Details

Still water

In October 2010, a cholera outbreak,

brought in by UN peacekeepers, hit Haiti.

 

Don’t speak. Fear death by water still.

Fear attendance of moral responsibility

darker than your skin. Fear

water. Fear the mug mother used to drink

from it every Wednesday till 2010.

Yet You don’t say it. Artibonite is a period,

So suitable for pouring in rusted rescue and coins

That never get to give.

Flooding the newspaper pages with ads,

Rather than death and life, than dangerous water

Rooted in safe homes and safe dreams:

For blank pages are valuable.

So is silence. So don’t speak.

Don’t plant dangerous words all along

the dangerous riverbank.

Save the blanks to promote an appropriately lost speech:

So still that’s it is just like our water.

 

Don’t speak. No sounds are to be made except water.

The only voice is pinned to the left chest

Of a well-ironed shirt along with a pen:

to pour out a speech that gets washed out

Into every open eye. And you don’t have to speak

To sleep with soil as bedsheets; rustling sounds of green

Plastic paper falling into open ears automatically.

Don’t speak without a clean river. Don’t.

The only sound is pinned to the October, pinned to 2010,

Pinned to rusty-lake-like Haiti. Pinned to the pen along with

The spokesman’s empty chest underneath.

A sound without river is ink:

Scribbling down 200,000 names that’s hard to remember and see.

Names with 200,000 spines suppressed to printing ink,

and sewed silently

into the skinny shadow of the bolded headlines to be seen.

You have no word. 2010 is merely a season

That’s suitable for dying, suitable for diarrhea,

Suitable for fever, suitable for

Graving the cracks of lips onto the tombs;

Suitable to close the eyes and close the bursting thirst and desires;

For pain.
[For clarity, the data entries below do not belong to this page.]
lemma Lp_L2_dist_0:
  "Lp_L2_dist M p 0 P G = (\<integral>\<^sup>+\<omega>. ennreal (\<bar>P (\<lambda>_. undefined) \<omega> - G (\<lambda>_. undefined) \<omega>\<bar> powr p) \<partial>M)"
  unfolding Lp_L2_dist_def Pt_0
  by (intro nn_integral_cong) (simp add: nn_integral_count_space_finite ennpow_def power2_powr_half)

lemma poly_deriv_0: "poly_deriv W R 0 ts \<omega> = poly_val W R \<omega>"
  unfolding poly_deriv_def poly_val_def
  by (intro arg_cong[where f=sum_list] map_cong refl)
    (auto simp: prod.list_conv_set_nth atLeast0LessThan)

lemma borel_measurable_poly_val:
  assumes "isonormal M W" "valid_rep R"
  shows "poly_val W R \<in> borel_measurable M"
proof -
  have [measurable]: "W h \<in> borel_measurable M" if "L2plus h" for h
    using assms(1) that unfolding isonormal_def by blast
  have "(\<lambda>\<omega>. prod_list (map (\<lambda>h. W h \<omega>) hs)) \<in> borel_measurable M" if "\<forall>h\<in>set hs. L2plus h" for hs
    using that by (induction hs) auto
  with assms(2) show ?thesis
    unfolding poly_val_def[abs_def] valid_rep_def by (induction R) (auto split: prod.splits)
qed

lemma AE_eq_of_Lp_limits:
  fixes Y :: "nat \<Rightarrow> 'a \<Rightarrow> real"
  assumes [measurable]: "\<And>m. Y m \<in> borel_measurable M" "F \<in> borel_measurable M" "G \<in> borel_measurable M"
    and p: "0 \<le> p"
    and F: "(\<lambda>m. \<integral>\<^sup>+\<omega>. ennreal (\<bar>Y m \<omega> - F \<omega>\<bar> powr p) \<partial>M) \<longlonglongrightarrow> 0"
    and G: "(\<lambda>m. \<integral>\<^sup>+\<omega>. ennreal (\<bar>Y m \<omega> - G \<omega>\<bar> powr p) \<partial>M) \<longlonglongrightarrow> 0"
  shows "AE \<omega> in M. F \<omega> = G \<omega>"
proof -
  have bound: "(\<integral>\<^sup>+\<omega>. ennreal (\<bar>F \<omega> - G \<omega>\<bar> powr p) \<partial>M)
      \<le> ennreal (2 powr p) * ((\<integral>\<^sup>+\<omega>. ennreal (\<bar>Y m \<omega> - F \<omega>\<bar> powr p) \<partial>M) + (\<integral>\<^sup>+\<omega>. ennreal (\<bar>Y m \<omega> - G \<omega>\<bar> powr p) \<partial>M))"
    for m
  proof -
    have "ennreal (\<bar>F \<omega> - G \<omega>\<bar> powr p)
        \<le> ennreal (2 powr p) * (ennreal (\<bar>Y m \<omega> - F \<omega>\<bar> powr p) + ennreal (\<bar>Y m \<omega> - G \<omega>\<bar> powr p))" for \<omega>
    proof -
      have "\<bar>F \<omega> - G \<omega>\<bar> powr p \<le> 2 powr p * (\<bar>F \<omega> - Y m \<omega>\<bar> powr p + \<bar>Y m \<omega> - G \<omega>\<bar> powr p)"
        using abs_add_powr_le[OF p, of "F \<omega> - Y m \<omega>" "Y m \<omega> - G \<omega>"] by simp
      then show ?thesis by (simp add: abs_minus_commute ennreal_leI flip: ennreal_mult ennreal_plus)
    qed
    then have "(\<integral>\<^sup>+\<omega>. ennreal (\<bar>F \<omega> - G \<omega>\<bar> powr p) \<partial>M) \<le> (\<integral>\<^sup>+\<omega>. ennreal (2 powr p) *
        (ennreal (\<bar>Y m \<omega> - F \<omega>\<bar> powr p) + ennreal (\<bar>Y m \<omega> - G \<omega>\<bar> powr p)) \<partial>M)"
      by (rule nn_integral_mono)
    then show ?thesis by (simp add: nn_integral_cmult nn_integral_add)
  qed
  have "(\<lambda>m. ennreal (2 powr p) * ((\<integral>\<^sup>+\<omega>. ennreal (\<bar>Y m \<omega> - F \<omega>\<bar> powr p) \<partial>M)
      + (\<integral>\<^sup>+\<omega>. ennreal (\<bar>Y m \<omega> - G \<omega>\<bar> powr p) \<partial>M))) \<longlonglongrightarrow> ennreal (2 powr p) * (0 + 0)"
    by (intro ennreal_tendsto_cmult tendsto_add F G) simp
  then have "(\<integral>\<^sup>+\<omega>. ennreal (\<bar>F \<omega> - G \<omega>\<bar> powr p) \<partial>M) \<le> ennreal (2 powr p) * (0 + 0)"
    by (rule tendsto_le[OF sequentially_bot _ tendsto_const]) (use bound in simp)
  then have "AE \<omega> in M. ennreal (\<bar>F \<omega> - G \<omega>\<bar> powr p) = 0"
    by (subst nn_integral_0_iff_AE[symmetric]) auto
  then show ?thesis by eventually_elim simp
qed

lemma malliavin_density_0_AE_eq:
  assumes "isonormal M W" "malliavin_density M W F 0 G" "F \<in> borel_measurable M"
  shows "AE \<omega> in M. F \<omega> = G (\<lambda>_. undefined) \<omega>"
proof -
  obtain p R where p: "1 \<le> p" and R: "\<And>m. valid_rep (R m)"
    and F: "(\<lambda>m. pmoment M p (\<lambda>\<omega>. poly_val W (R m) \<omega> - F \<omega>)) \<longlonglongrightarrow> 0"
    and G: "(\<lambda>m. Lp_L2_dist M p 0 (poly_deriv W (R m) 0) G) \<longlonglongrightarrow> 0"
    and G_meas: "(\<lambda>(ts, \<omega>). G ts \<omega>) \<in> borel_measurable (Pt 0 \<Otimes>\<^sub>M M)"
    using assms(2) unfolding malliavin_density_def by blast
  have "(\<lambda>\<omega>. G (\<lambda>_. undefined) \<omega>) \<in> borel_measurable M"
    using measurable_Pair2[OF G_meas, of "\<lambda>_. undefined"] by (simp add: Pt_0)
  with assms(3) borel_measurable_poly_val[OF assms(1) R] show ?thesis
    using F G p unfolding pmoment_def Lp_L2_dist_0 poly_deriv_0
    by (intro AE_eq_of_Lp_limits[where Y="\<lambda>m. poly_val W (R m)"]) auto
qed

lemma uniformly_Lp_bounded_malliavin_0:
  assumes M: "prob_space M" and "isonormal M W"
    and F: "\<And>n j. j \<in> {1..n} \<Longrightarrow> F n j \<in> borel_measurable M"
    and density: "\<And>n j. j \<in> {1..n} \<Longrightarrow> malliavin_density M W (F n j) 0 (G n j)"
    and bound: "\<And>p. 1 < p \<Longrightarrow> \<exists>C. \<forall>n j. j \<in> {1..n} \<longrightarrow> (\<forall>ts\<in>cube 0. pmoment M p (G n j ts) \<le> ennreal C)"
  shows "uniformly_Lp_bounded M (\<lambda>n. {1..n}) F"
proof (rule prob_space.uniformly_Lp_boundedI[OF M F])
  fix p :: nat assume p: "2 \<le> p"
  obtain C where C: "\<forall>n j. j \<in> {1..n} \<longrightarrow> (\<forall>ts\<in>cube 0. pmoment M (real p) (G n j ts) \<le> ennreal C)"
    using bound[of "real p"] p by auto
  have "(\<integral>\<^sup>+\<omega>. ennreal (\<bar>F n j \<omega>\<bar> ^ p) \<partial>M) \<le> ennreal C" if j: "j \<in> {1..n}" for n j
  proof -
    have "AE \<omega> in M. F n j \<omega> = G n j (\<lambda>_. undefined) \<omega>"
      by (rule malliavin_density_0_AE_eq[OF assms(2) density[OF j] F[OF j]])
    then have "(\<integral>\<^sup>+\<omega>. ennreal (\<bar>F n j \<omega>\<bar> ^ p) \<partial>M) = pmoment M (real p) (G n j (\<lambda>_. undefined))"
      unfolding pmoment_def using p by (intro nn_integral_cong_AE) (auto elim!: eventually_mono simp: powr_realpow')
    also have "\<dots> \<le> ennreal C" using C j by (simp add: cube_def)
    finally show ?thesis .
  qed
  then show "\<exists>C. \<forall>n. \<forall>j\<in>{1..n}. (\<integral>\<^sup>+\<omega>. ennreal (\<bar>F n j \<omega>\<bar> ^ p) \<partial>M) \<le> ennreal C" by blast
qed

lemma uniformly_Lp_bounded_families:
  assumes M: "prob_space M" and iso: "isonormal M W" and C1: "cond_C1 M W Q a Da" and q: "q \<in> Q"
    and density: "\<And>n j i. j \<in> {1..n} \<Longrightarrow> malliavin_density M W (a n j q) i (Da n j q i)"
  shows "uniformly_Lp_bounded M (\<lambda>n. {1..n}) (\<lambda>n j. a n j q)"
    and "uniformly_Lp_bounded M (\<lambda>n. {1..n} \<times> {1..n}) (\<lambda>n (j, k) \<omega>. real n * D1 n k (Da n j q 1) \<omega>)"
    and "uniformly_Lp_bounded M (\<lambda>n. {1..n} \<times> {1..n}) (\<lambda>n (j, k) \<omega>. (real n)\<^sup>2 * D11 n k (Da n j q 2) \<omega>)"
    and "uniformly_Lp_bounded M (\<lambda>n. {1..n}) (\<lambda>n k \<omega>. real n * D1 n k (Da n k q 1) \<omega>)"
    and "uniformly_Lp_bounded M (\<lambda>n. {1..n}) (\<lambda>n k \<omega>. (real n)\<^sup>2 * D11 n k (Da n k q 2) \<omega>)"
proof -
  have bound: "\<And>i p. 1 < p \<Longrightarrow> \<exists>C. \<forall>n j. j \<in> {1..n} \<longrightarrow> (\<forall>ts\<in>cube i. pmoment M p (Da n j q i ts) \<le> ennreal C)"
    using C1 q unfolding cond_C1_def by blast
  have Da: "\<And>n j i. j \<in> {1..n} \<Longrightarrow> (\<lambda>(ts, \<omega>). Da n j q i ts \<omega>) \<in> borel_measurable (Pt i \<Otimes>\<^sub>M M)"
    using density unfolding malliavin_density_def by blast
  have "\<And>n j. j \<in> {1..n} \<Longrightarrow> a n j q \<in> borel_measurable M"
    using C1 q unfolding cond_C1_def in_Dinf_def by blast
  then show "uniformly_Lp_bounded M (\<lambda>n. {1..n}) (\<lambda>n j. a n j q)"
    by (rule uniformly_Lp_bounded_malliavin_0[OF M iso _ density bound])
  show D1: "uniformly_Lp_bounded M (\<lambda>n. {1..n} \<times> {1..n}) (\<lambda>n (j, k) \<omega>. real n * D1 n k (Da n j q 1) \<omega>)"
    using uniformly_Lp_bounded_scaled_cell_integral[OF M Da bound, of 1] by (simp add: D1_eq_cell_integral)
  show D11: "uniformly_Lp_bounded M (\<lambda>n. {1..n} \<times> {1..n}) (\<lambda>n (j, k) \<omega>. (real n)\<^sup>2 * D11 n k (Da n j q 2) \<omega>)"
    using uniformly_Lp_bounded_scaled_cell_integral[OF M Da bound, of 2] by (simp add: D11_eq_cell_integral)
  show "uniformly_Lp_bounded M (\<lambda>n. {1..n}) (\<lambda>n k \<omega>. real n * D1 n k (Da n k q 1) \<omega>)"
    using uniformly_Lp_bounded_reindex[OF D1, of "\<lambda>n. {1..n}" "\<lambda>n k. (k, k)"] by simp
  show "uniformly_Lp_bounded M (\<lambda>n. {1..n}) (\<lambda>n k \<omega>. (real n)\<^sup>2 * D11 n k (Da n k q 2) \<omega>)"
    using uniformly_Lp_bounded_reindex[OF D11, of "\<lambda>n. {1..n}" "\<lambda>n k. (k, k)"] by simp
qed

subsection \<open>The conditions [A] and [A']\<close>

definition cond_A_limits :: "'a measure \<Rightarrow> nat set \<Rightarrow> (nat \<Rightarrow> nat \<Rightarrow> nat \<Rightarrow> 'a \<Rightarrow> real)
    \<Rightarrow> (nat \<Rightarrow> nat \<Rightarrow> nat \<Rightarrow> nat \<Rightarrow> (nat \<Rightarrow> real) \<Rightarrow> 'a \<Rightarrow> real)
    \<Rightarrow> (real \<Rightarrow> nat \<Rightarrow> 'a \<Rightarrow> real) \<Rightarrow> (real \<Rightarrow> real \<Rightarrow> nat \<Rightarrow> 'a \<Rightarrow> real)
    \<Rightarrow> (real \<Rightarrow> real \<Rightarrow> nat \<Rightarrow> 'a \<Rightarrow> real) \<Rightarrow> (real \<Rightarrow> 'a \<Rightarrow> real) \<Rightarrow> (real \<Rightarrow> 'a \<Rightarrow> real) \<Rightarrow> bool"
  where "cond_A_limits M Q a Da af ar arr ad add \<longleftrightarrow> (\<forall>q\<in>Q.
    interval_conv_in_measure M (\<lambda>n j. a n j q) (\<lambda>s. af s q) \<and>
    square_conv_in_measure M (\<lambda>n j k \<omega>. real n * D1 n k (Da n j q 1) \<omega>) (\<lambda>t s. ar t s q) \<and>
    (2 \<in> Q \<longrightarrow> interval_conv_in_measure M (\<lambda>n k \<omega>. real n * D1 n k (Da n k 2 1) \<omega>) ad) \<and>
    square_conv_in_measure M (\<lambda>n j k \<omega>. (real n)\<^sup>2 * D11 n k (Da n j q 2) \<omega>) (\<lambda>t s. arr t s q) \<and>
    (2 \<in> Q \<longrightarrow> interval_conv_in_measure M (\<lambda>n j \<omega>. (real n)\<^sup>2 * D11 n j (Da n j 2 2) \<omega>) add))"

definition cond_A'_limits :: "real \<Rightarrow> 'a measure \<Rightarrow> nat set \<Rightarrow> (nat \<Rightarrow> nat \<Rightarrow> nat \<Rightarrow> 'a \<Rightarrow> real)
    \<Rightarrow> (nat \<Rightarrow> nat \<Rightarrow> nat \<Rightarrow> nat \<Rightarrow> (nat \<Rightarrow> real) \<Rightarrow> 'a \<Rightarrow> real)
    \<Rightarrow> (real \<Rightarrow> nat \<Rightarrow> 'a \<Rightarrow> real) \<Rightarrow> (real \<Rightarrow> real \<Rightarrow> nat \<Rightarrow> 'a \<Rightarrow> real)
    \<Rightarrow> (real \<Rightarrow> real \<Rightarrow> nat \<Rightarrow> 'a \<Rightarrow> real) \<Rightarrow> (real \<Rightarrow> 'a \<Rightarrow> real) \<Rightarrow> (real \<Rightarrow> 'a \<Rightarrow> real) \<Rightarrow> bool"
  where "cond_A'_limits r M Q a Da af ar arr ad add \<longleftrightarrow> (\<forall>q\<in>Q.
    interval_conv_Lr r M (\<lambda>n j. a n j q) (\<lambda>s. af s q) \<and>
    square_conv_Lr r M (\<lambda>n j k \<omega>. real n * D1 n k (Da n j q 1) \<omega>) (\<lambda>t s. ar t s q) \<and>
    (2 \<in> Q \<longrightarrow> interval_conv_Lr r M (\<lambda>n k \<omega>. real n * D1 n k (Da n k 2 1) \<omega>) ad) \<and>
    square_conv_Lr r M (\<lambda>n j k \<omega>. (real n)\<^sup>2 * D11 n k (Da n j q 2) \<omega>) (\<lambda>t s. arr t s q) \<and>
    (2 \<in> Q \<longrightarrow> interval_conv_Lr r M (\<lambda>n j \<omega>. (real n)\<^sup>2 * D11 n j (Da n j 2 2) \<omega>) add))"

text \<open>In cond_A the condition on add integrates over s an integrand not depending on s;
  nn_integral_cmult_indicator removes that integral.\<close>
lemma cond_A_eq:
  "cond_A M W Q a Da Ginf DG X DX af ar arr ad add \<longleftrightarrow> cond_C1 M W Q a Da \<and> cond_C2 M W Q a Ginf DG
    \<and> cond_C3 M W X DX \<and> cond_A_limits M Q a Da af ar arr ad add"
  unfolding cond_A_def cond_A_limits_def interval_conv_in_measure_def square_conv_in_measure_def
  by (simp add: nn_integral_cmult_indicator) blast

lemma cond_A'_eq:
  "cond_A' r M W Q a Da Ginf DG X DX af ar arr ad add \<longleftrightarrow> cond_C1 M W Q a Da \<and> cond_C2 M W Q a Ginf DG
    \<and> cond_C3 M W X DX \<and> cond_A'_limits r M Q a Da af ar arr ad add"
  unfolding cond_A'_def cond_A'_limits_def interval_conv_Lr_def square_conv_Lr_def ..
For silence.

Silence.

Just a suitable season without a river.

 

Thick death is pouring down,

smashing the wall of temporary hospital wing thin;

the fall of 2010 is as thin as a promise.

A season not suitable for speaking.

A Wednesday not suitable for picking up bones

That are meant to be buried.

Don’t speak. They are speaking for you:

Edit the pains to be voluntary,

And confess the assistance to be self-giving.

You have an editable river, but still some are speaking:

Our voluntary blood is cleaner than your mandatory rescuing.

&We died a collaborative death and are still dying.”

Some are still reciting ten years of bloodless and riverless life

And continue writing: years as harsh as bones.

Don’t speak. Ten years of silence is as long as

A five-minutes rally that never get published:

Five-minutes-long equally nameless rivers.

The sound at the end of the water channel: don’t speak

For we have water still.

 

 

Still trimming river without a mother

Blatantly thinking about homeland being the

Silence never safe.

Intertwined: dehydrated veins & contaminated rivers

Yet don’t speak, for no sorrowful and clean pipes

Going through homes, connecting cracked walls,

Maintaining speechless lives: silently – inevitably.

Still removing denial

Still suing with water recycled into veins and bodies.

Enclosing a historical death of mother and son

And us, like

Enclosing a collective post-modern humanity

Being buried

With still water returning to all of us to be seen.

 

 

 

 

 

 

 

 

 

Works Cited

"Haiti's Cholera Outbreak Tied To Nepalese U.N. Peacekeepers." NPR, 12 Aug. 2013, 4:49PM ET, www.npr.org/templates/story/story.php?storyId=211434286.

Moloney, Anastasia. "A Decade after U.N.-Linked Cholera Outbreak, Haitians Demand Justice." Reuters, Thomson Reuters, 22 Oct. 2020, www.reuters.com/article/us-haiti-cholera-un-feature-trfn-idUSKBN2772RM.

Weinmeyer, Richard. "Pursuing Justice in Haiti's Cholera Epidemic." Journal of Ethics | American Medical Association, American Medical Association, 1 July 2016, journalofethics.ama-assn.org/article/pursuing-justice-haitis-cholera-epidemic/2016-07.